Каждый день я ходил за полтора километра в лес за дровами. Собирал сушняк, отдавая предпочтение дубовым веткам и сучьям. Помню, что стало плохо с солью. Сначала на столе всегда стояла хозяйская соль в солонке, а потом она пропала, и у всех появились свои узелки с солью. Суп без соли был невкусным и не елся. С одеждой тоже дело обстояло плохо. Все ходили в телогрейках, чиненных и перечиненных разноцветными лоскутками. У одного из рабочих, родом из деревни Паника, телогрейка висела клочьями.
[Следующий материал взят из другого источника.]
text \<open>The defining relation \<open>t\<^sup>-\<^sup>1 a t = \<phi> a\<close> is respected
  exactly when \<open>s (\<phi> a \<otimes> x) = a \<otimes> s x\<close>.\<close>
lemma (in group) hnn_rel_word_action:
  assumes rel: "(u, v) \<in> hnn_rel G \<phi> A"
    and A: "A \<subseteq> carrier G" and phi: "\<And>a. a \<in> A \<Longrightarrow> \<phi> a \<in> carrier G"
    and s: "\<And>x. x \<in> carrier G \<Longrightarrow> s x \<in> carrier G"
    and s': "\<And>x. x \<in> carrier G \<Longrightarrow> s' x \<in> carrier G"
    and s_s': "\<And>x. x \<in> carrier G \<Longrightarrow> s (s' x) = x"
    and s'_s: "\<And>x. x \<in> carrier G \<Longrightarrow> s' (s x) = x"
    and s_phi: "\<And>a x. a \<in> A \<Longrightarrow> x \<in> carrier G \<Longrightarrow> s (\<phi> a \<otimes> x) = a \<otimes> s x"
  shows "word_action G s s' u = word_action G s s' v"
  using rel
proof (induction rule: hnn_rel.induct)
  case (cong u v x y)
  then show ?case by (simp add: word_action_append)
next
  case (mult g h)
  then show ?case by (intro ext) (simp add: m_assoc)
next
  case (conj a)
  show ?case
  proof
    fix x
    show "word_action G s s' [Tinv, Gen a, Tl] x = word_action G s s' [Gen (\<phi> a)] x"
    proof (cases "x \<in> carrier G")
      case True
      have "s' (a \<otimes> s x) = s' (s (\<phi> a \<otimes> x))" using s_phi[OF conj True] by simp
      then show ?thesis using conj A True phi s s'_s by auto
    qed simp
  qed
qed (auto simp: s s' s_s' s'_s)

definition coset_rep :: "'a set \<Rightarrow> 'a" where
  "coset_rep C = (SOME y. y \<in> C)"

lemma (in subgroup) coset_rep_rcos:
  assumes "group G" "x \<in> carrier G"
  shows "coset_rep (H #> x) \<in> carrier G" "H #> coset_rep (H #> x) = H #> x"
    "x \<otimes>\<^bsub>G\<^esub> inv\<^bsub>G\<^esub> coset_rep (H #> x) \<in> H"
proof -
  interpret group G by fact
  have r: "coset_rep (H #> x) \<in> H #> x"
    unfolding coset_rep_def using rcos_self[OF assms(2) subgroup_axioms] by (rule someI)
  then show rc: "coset_rep (H #> x) \<in> carrier G"
    using r_coset_subset_G[OF subset assms(2)] by blast
  show "H #> coset_rep (H #> x) = H #> x"
    using repr_independence[OF r assms(2) subgroup_axioms] by simp
  then show "x \<otimes> inv coset_rep (H #> x) \<in> H"
    using rcos_eq_iff[OF subgroup_axioms assms(2) rc] by simp
qed

text \<open>Glue a map \<open>\<theta>\<close> on \<open>K\<close> and a map \<open>\<gamma>\<close> on right cosets of \<open>K\<close> into a map on \<open>G\<close>, using a
  transversal of the cosets.\<close>
definition coset_twist :: "('a, 'b) monoid_scheme \<Rightarrow> 'a set \<Rightarrow> ('a \<Rightarrow> 'a) \<Rightarrow> ('a set \<Rightarrow> 'a set) \<Rightarrow> 'a \<Rightarrow> 'a" where
  "coset_twist G K \<theta> \<gamma> x =
     \<theta> (x \<otimes>\<^bsub>G\<^esub> inv\<^bsub>G\<^esub> coset_rep (K #>\<^bsub>G\<^esub> x)) \<otimes>\<^bsub>G\<^esub> coset_rep (\<gamma> (K #>\<^bsub>G\<^esub> x))"
definition graded_space :: "('k::field \<Rightarrow> 'v::ab_group_add \<Rightarrow> 'v) \<Rightarrow> ('g::ab_group_add \<Rightarrow> 'v set) \<Rightarrow> bool" where
  "graded_space sm G \<longleftrightarrow>
     vector_space sm \<and>
     (\<forall>g. module.subspace sm (G g)) \<and>
     (\<forall>v. \<exists>!c. finite {g. c g \<noteq> 0} \<and> (\<forall>g. c g \<in> G g) \<and> v = sum c {g. c g \<noteq> 0})"

definition hom_lie_color ::
  "('k::field \<Rightarrow> 'v::ab_group_add \<Rightarrow> 'v) \<Rightarrow> ('g::ab_group_add \<Rightarrow> 'v set) \<Rightarrow>
   ('v \<Rightarrow> 'v \<Rightarrow> 'v) \<Rightarrow> ('v \<Rightarrow> 'v) \<Rightarrow> ('g \<Rightarrow> 'g \<Rightarrow> 'k) \<Rightarrow> bool" where
  "hom_lie_color sm G br phi eps \<longleftrightarrow>
     graded_space sm G \<and> bicharacter eps \<and>
     (\<forall>x y z. br (x + y) z = br x z + br y z) \<and>
     (\<forall>x y z. br x (y + z) = br x y + br x z) \<and>
     (\<forall>a x y. br (sm a x) y = sm a (br x y)) \<and>
     (\<forall>a x y. br x (sm a y) = sm a (br x y)) \<and>
     Vector_Spaces.linear sm sm phi \<and>
     (\<forall>g h x y. x \<in> G g \<longrightarrow> y \<in> G h \<longrightarrow> br x y \<in> G (g + h)) \<and>
     (\<forall>g x. x \<in> G g \<longrightarrow> phi x \<in> G g) \<and>
     (\<forall>x y. phi (br x y) = br (phi x) (phi y)) \<and>
     (\<forall>g h x y. x \<in> G g \<longrightarrow> y \<in> G h \<longrightarrow> br x y = - sm (eps g h) (br y x)) \<and>
     (\<forall>g h k x y z. x \<in> G g \<longrightarrow> y \<in> G h \<longrightarrow> z \<in> G k \<longrightarrow>
        sm (eps k g) (br (phi x) (br y z)) + sm (eps g h) (br (phi y) (br z x))
        + sm (eps h k) (br (phi z) (br x y)) = 0)"

definition graded_subspace :: "('k::field \<Rightarrow> 'v::ab_group_add \<Rightarrow> 'v) \<Rightarrow> ('g \<Rightarrow> 'v set) \<Rightarrow> 'v set \<Rightarrow> bool" where
  "graded_subspace sm G A \<longleftrightarrow> module.subspace sm A \<and> A \<subseteq> module.span sm (\<Union>g. A \<inter> G g)"

definition subalgebra :: "('k::field \<Rightarrow> 'v::ab_group_add \<Rightarrow> 'v) \<Rightarrow> ('g \<Rightarrow> 'v set) \<Rightarrow>
   ('v \<Rightarrow> 'v \<Rightarrow> 'v) \<Rightarrow> ('v \<Rightarrow> 'v) \<Rightarrow> 'v set \<Rightarrow> bool" where
  "subalgebra sm G br phi A \<longleftrightarrow> graded_subspace sm G A \<and> (\<forall>x\<in>A. \<forall>y\<in>A. br x y \<in> A) \<and> phi ` A = A"

definition abelian_subalgebra :: "('k::field \<Rightarrow> 'v::ab_group_add \<Rightarrow> 'v) \<Rightarrow> ('g \<Rightarrow> 'v set) \<Rightarrow>
   ('v \<Rightarrow> 'v \<Rightarrow> 'v) \<Rightarrow> ('v \<Rightarrow> 'v) \<Rightarrow> 'v set \<Rightarrow> bool" where
  "abelian_subalgebra sm G br phi A \<longleftrightarrow> subalgebra sm G br phi A \<and> (\<forall>x\<in>A. \<forall>y\<in>A. br x y = 0)"
(* Let $F$ be a positively expansive cellular automaton on $A^{\mathbb Z}$ and $\mu$ a $\sigma$-ergodic, $F$-invariant Borel probability measure. Then there exists a real $s>0$ such that $M_\mu((s,s))=1$.
   Context: $A$ is a finite alphabet, $\sigma(x)_i=x_{i+1}$, and $d(x,y)=2^{-\min\{|j|: x_j\ne y_j\}}$. $F$ is a cellular automaton of radius $r$, i.e. $F(x)_i=f(x_{i-r},\dots,x_{i+r})$. $B_n(x)=\{y: d(F^ix,F^iy)<2^{-n}\ \forall i\ge0\}$. $F$ is positively expansive if there is $n$ with $B_n(x)=\{x\}$ for all $x$. For $p\ge0$: ${}^{\{n\}}\alpha_p^F(x)=\{y:F^i(y)_j=F^i(x)_j\ \forall0\le i\le n,\ |j|\le p\}$. For a speed given by $g^\pm_n:A^{\mathbb Z}\to\mathbb N$, set $|G_n(x)|=g^+_n(x)+g^-_n(x)+1$ and $J_n(x)=\{j:-g^+_n(x)-p\le j\le g^-_n(x)+p\}$. For $y\in A^{\mathbb Z}$, ${}^{G_n(x)}\alpha_p^\sigma(y)=\{z:z_j=y_j\ \forall j\in J_n(x)\}$. For $0<\delta<1$, $\eta_{n,\delta}$ is the infimum of $\varepsilon>0$ such that some measurable $S$ with $\mu(S)\ge1-\delta$ satisfies $$\Big|\frac{-\log\mu({}^{G_i(x)}\alpha_p^\sigma(x))}{|G_i(x)|}-h_\mu(\sigma)\Big|<\varepsilon\quad\text{for all } x\in S,\ i\ge n.$$ $X^G_{n,\delta,p}$ is the set of $x$ for which this quantity, taken with $i=n$, is $\le\eta_{n,\delta}$. $\langle T^G_{n,p}(x)\rangle=\{z|_{J_n(x)}:z\in{}^{\{n\}}\alpha_p^F(x)\}$, and $T^G_{n,p}(x)$ is the union of the cylinders $\{z:z|_{J_n(x)}=w\}$ over these $w$. $T^G_{n,\delta,p}(x)=T^G_{n,p}(x)\cap X^G_{n,\delta,p}$ and $\langle T^G_{n,\delta,p}(x)\rangle=\{z|_{J_n(x)}:z\in T^G_{n,\delta,p}(x)\}$. $$M_{n,p,\delta}(G)=\int\Big(1-\frac{\log\#\langle T^G_{n,\delta,p}(x)\rangle}{-\log\mu({}^{G_n(x)}\alpha_p^\sigma(x))}\Big)d\mu(x),\qquad M_\mu(G)=\sup_p\limsup_{\delta\to0}\limsup_{n\to\infty}M_{n,p,\delta}(G).$$ $M_\mu((s,s))$ denotes $M_\mu(G)$ for $g^+_n=g^-_n=\lceil sn\rceil$. *)

theory Defs
  imports "HOL-Probability.Probability"
begin

type_synonym 'a config = "int \<Rightarrow> 'a"

definition shift :: "'a config \<Rightarrow> 'a config" where
  "shift x = (\<lambda>i. x (i + 1))"

definition cellular_automaton :: "('a config \<Rightarrow> 'a config) \<Rightarrow> bool" where
  "cellular_automaton F \<longleftrightarrow>
     (\<exists>(r::nat) (f::'a list \<Rightarrow> 'a). \<forall>x i. F x i = f (map (\<lambda>k. x (i + k)) [- int r..int r]))"

definition cdist :: "'a config \<Rightarrow> 'a config \<Rightarrow> real" where
  "cdist x y = (if x = y then 0
      else 2 powr (- real (LEAST k::nat. \<exists>j. nat \<bar>j\<bar> = k \<and> x j \<noteq> y j)))"

definition dyn_ball :: "('a config \<Rightarrow> 'a config) \<Rightarrow> nat \<Rightarrow> 'a config \<Rightarrow> 'a config set" where
  "dyn_ball F n x = {y. \<forall>i. cdist ((F ^^ i) x) ((F ^^ i) y) < 2 powr (- real n)}"

definition pos_expansive :: "('a config \<Rightarrow> 'a config) \<Rightarrow> bool" where
  "pos_expansive F \<longleftrightarrow> (\<exists>n. \<forall>x. dyn_ball F n x = {x})"

text \<open>Borel probability measures on A^Z (finite alphabet: Borel = product sigma algebra).\<close>
definition config_prob :: "'a config measure \<Rightarrow> bool" where
  "config_prob \<mu> \<longleftrightarrow> prob_space \<mu> \<and>
     sets \<mu> = sets (Pi\<^sub>M (UNIV::int set) (\<lambda>_. count_space (UNIV::'a set)))"

definition invariant_measure :: "'a config measure \<Rightarrow> ('a config \<Rightarrow> 'a config) \<Rightarrow> bool" where
  "invariant_measure \<mu> T \<longleftrightarrow>
     (\<forall>A\<in>sets \<mu>. T -` A \<inter> space \<mu> \<in> sets \<mu> \<and> emeasure \<mu> (T -` A \<inter> space \<mu>) = emeasure \<mu> A)"

definition ergodic_measure :: "'a config measure \<Rightarrow> ('a config \<Rightarrow> 'a config) \<Rightarrow> bool" where
  "ergodic_measure \<mu> T \<longleftrightarrow> invariant_measure \<mu> T \<and>
     (\<forall>A\<in>sets \<mu>. T -` A \<inter> space \<mu> = A \<longrightarrow> measure \<mu> A = 0 \<or> measure \<mu> A = 1)"

text \<open>Kolmogorov-Sinai entropy (natural logarithm), finite measurable partitions given
  as measurable maps with finite range.\<close>
definition part_entropy :: "'b measure \<Rightarrow> ('b \<Rightarrow> 'c) \<Rightarrow> real" where
  "part_entropy \<mu> \<xi> =
     - (\<Sum>c\<in>\<xi> ` space \<mu>. measure \<mu> (\<xi> -` {c} \<inter> space \<mu>) * ln (measure \<mu> (\<xi> -` {c} \<inter> space \<mu>)))"

definition fin_partition :: "'b measure \<Rightarrow> ('b \<Rightarrow> nat) \<Rightarrow> bool" where
  "fin_partition \<mu> \<xi> \<longleftrightarrow> \<xi> \<in> measurable \<mu> (count_space UNIV) \<and> finite (\<xi> ` space \<mu>)"

definition entropy_wrt :: "'b measure \<Rightarrow> ('b \<Rightarrow> 'b) \<Rightarrow> ('b \<Rightarrow> nat) \<Rightarrow> real" where
  "entropy_wrt \<mu> T \<xi> =
     lim (\<lambda>n. part_entropy \<mu> (\<lambda>x. map (\<lambda>i. \<xi> ((T ^^ i) x)) [0..<Suc n]) / real (Suc n))"

definition ks_entropy :: "'b measure \<Rightarrow> ('b \<Rightarrow> 'b) \<Rightarrow> real" where
  "ks_entropy \<mu> T = Sup {entropy_wrt \<mu> T \<xi> | \<xi>. fin_partition \<mu> \<xi>}"

type_synonym 'a speed = "(nat \<Rightarrow> 'a config \<Rightarrow> nat) \<times> (nat \<Rightarrow> 'a config \<Rightarrow> nat)"

definition Gsize :: "'a speed \<Rightarrow> nat \<Rightarrow> 'a config \<Rightarrow> nat" where
  "Gsize G n x = fst G n x + snd G n x + 1"

definition Jset :: "'a speed \<Rightarrow> nat \<Rightarrow> nat \<Rightarrow> 'a config \<Rightarrow> int set" where
  "Jset G n p x = {j. - int (fst G n x) - int p \<le> j \<and> j \<le> int (snd G n x) + int p}"

definition F_alpha :: "('a config \<Rightarrow> 'a config) \<Rightarrow> nat \<Rightarrow> nat \<Rightarrow> 'a config \<Rightarrow> 'a config set" where
  "F_alpha F n p x = {y. \<forall>i\<le>n. \<forall>j. \<bar>j\<bar> \<le> int p \<longrightarrow> (F ^^ i) y j = (F ^^ i) x j}"

definition G_alpha :: "'a speed \<Rightarrow> nat \<Rightarrow> nat \<Rightarrow> 'a config \<Rightarrow> 'a config \<Rightarrow> 'a config set" where
  "G_alpha G n p x y = {z. \<forall>j\<in>Jset G n p x. z j = y j}"

definition info_rate :: "'a config measure \<Rightarrow> 'a speed \<Rightarrow> nat \<Rightarrow> nat \<Rightarrow> 'a config \<Rightarrow> real" where
  "info_rate \<mu> G n p x = - ln (measure \<mu> (G_alpha G n p x x)) / real (Gsize G n x)"

definition eta :: "'a config measure \<Rightarrow> 'a speed \<Rightarrow> nat \<Rightarrow> real \<Rightarrow> nat \<Rightarrow> real" where
  "eta \<mu> G n \<delta> p = Inf {\<epsilon>. \<epsilon> > 0 \<and> (\<exists>S\<in>sets \<mu>. measure \<mu> S \<ge> 1 - \<delta> \<and>
       (\<forall>x\<in>S. \<forall>i\<ge>n. \<bar>info_rate \<mu> G i p x - ks_entropy \<mu> shift\<bar> < \<epsilon>))}"

definition XG :: "'a config measure \<Rightarrow> 'a speed \<Rightarrow> nat \<Rightarrow> real \<Rightarrow> nat \<Rightarrow> 'a config set" where
  "XG \<mu> G n \<delta> p = {x. \<bar>info_rate \<mu> G n p x - ks_entropy \<mu> shift\<bar> \<le> eta \<mu> G n \<delta> p}"

definition TG :: "('a config \<Rightarrow> 'a config) \<Rightarrow> 'a speed \<Rightarrow> nat \<Rightarrow> nat \<Rightarrow> 'a config \<Rightarrow> 'a config set" where
  "TG F G n p x = {z. \<exists>w\<in>F_alpha F n p x. \<forall>j\<in>Jset G n p x. z j = w j}"

definition TG_delta_words ::
  "'a config measure \<Rightarrow> ('a config \<Rightarrow> 'a config) \<Rightarrow> 'a speed \<Rightarrow> nat \<Rightarrow> real \<Rightarrow> nat \<Rightarrow> 'a config \<Rightarrow> (int \<Rightarrow> 'a) set" where
  "TG_delta_words \<mu> F G n \<delta> p x =
     (\<lambda>z. restrict z (Jset G n p x)) ` (TG F G n p x \<inter> XG \<mu> G n \<delta> p)"

definition M_npd :: "'a config measure \<Rightarrow> ('a config \<Rightarrow> 'a config) \<Rightarrow> 'a speed \<Rightarrow> nat \<Rightarrow> nat \<Rightarrow> real \<Rightarrow> real" where
  "M_npd \<mu> F G n p \<delta> = (\<integral>x. (1 - ln (real (card (TG_delta_words \<mu> F G n \<delta> p x)))
                                 / (- ln (measure \<mu> (G_alpha G n p x x)))) \<partial>\<mu>)"

definition M_mu :: "'a config measure \<Rightarrow> ('a config \<Rightarrow> 'a config) \<Rightarrow> 'a speed \<Rightarrow> ereal" where
  "M_mu \<mu> F G = (SUP p. Limsup (at_right 0)
                   (\<lambda>\<delta>. limsup (\<lambda>n. ereal (M_npd \<mu> F G n p \<delta>))))"

definition sym_speed :: "real \<Rightarrow> 'a speed" where
  "sym_speed s = ((\<lambda>n x. nat \<lceil>s * real n\<rceil>), (\<lambda>n x. nat \<lceil>s * real n\<rceil>))"

end

theory Submission
  imports Defs
begin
Он был человеком с большим народным юмором, рассказывал всякие небылицы и образно называл свои лохмотья «лепестками». «Вот опадут мои лепестки, — говорил он, — что я буду делать?»
Немцы рвались к Москве. Наше настроение становилось все более и более унылым. Эвакуированные интеллигенты Буленков и Клименков говорили, что вот-вот падет Москва и большевикам настанет «капут». Папа был другого мнения и возражал им. Крестьянин из Паники тоже пессимистически комментировал слухи с фронтов: «Пропали коммуны. Вот Литер (Гитлер. — Б. Л.) придет и наведет порядок…» Однажды он спросил нашего отца, которого все уважали: «Как вы считаете: что будет с нами, с Москвой? Если Гитлер победит, то будет хуже или лучше?»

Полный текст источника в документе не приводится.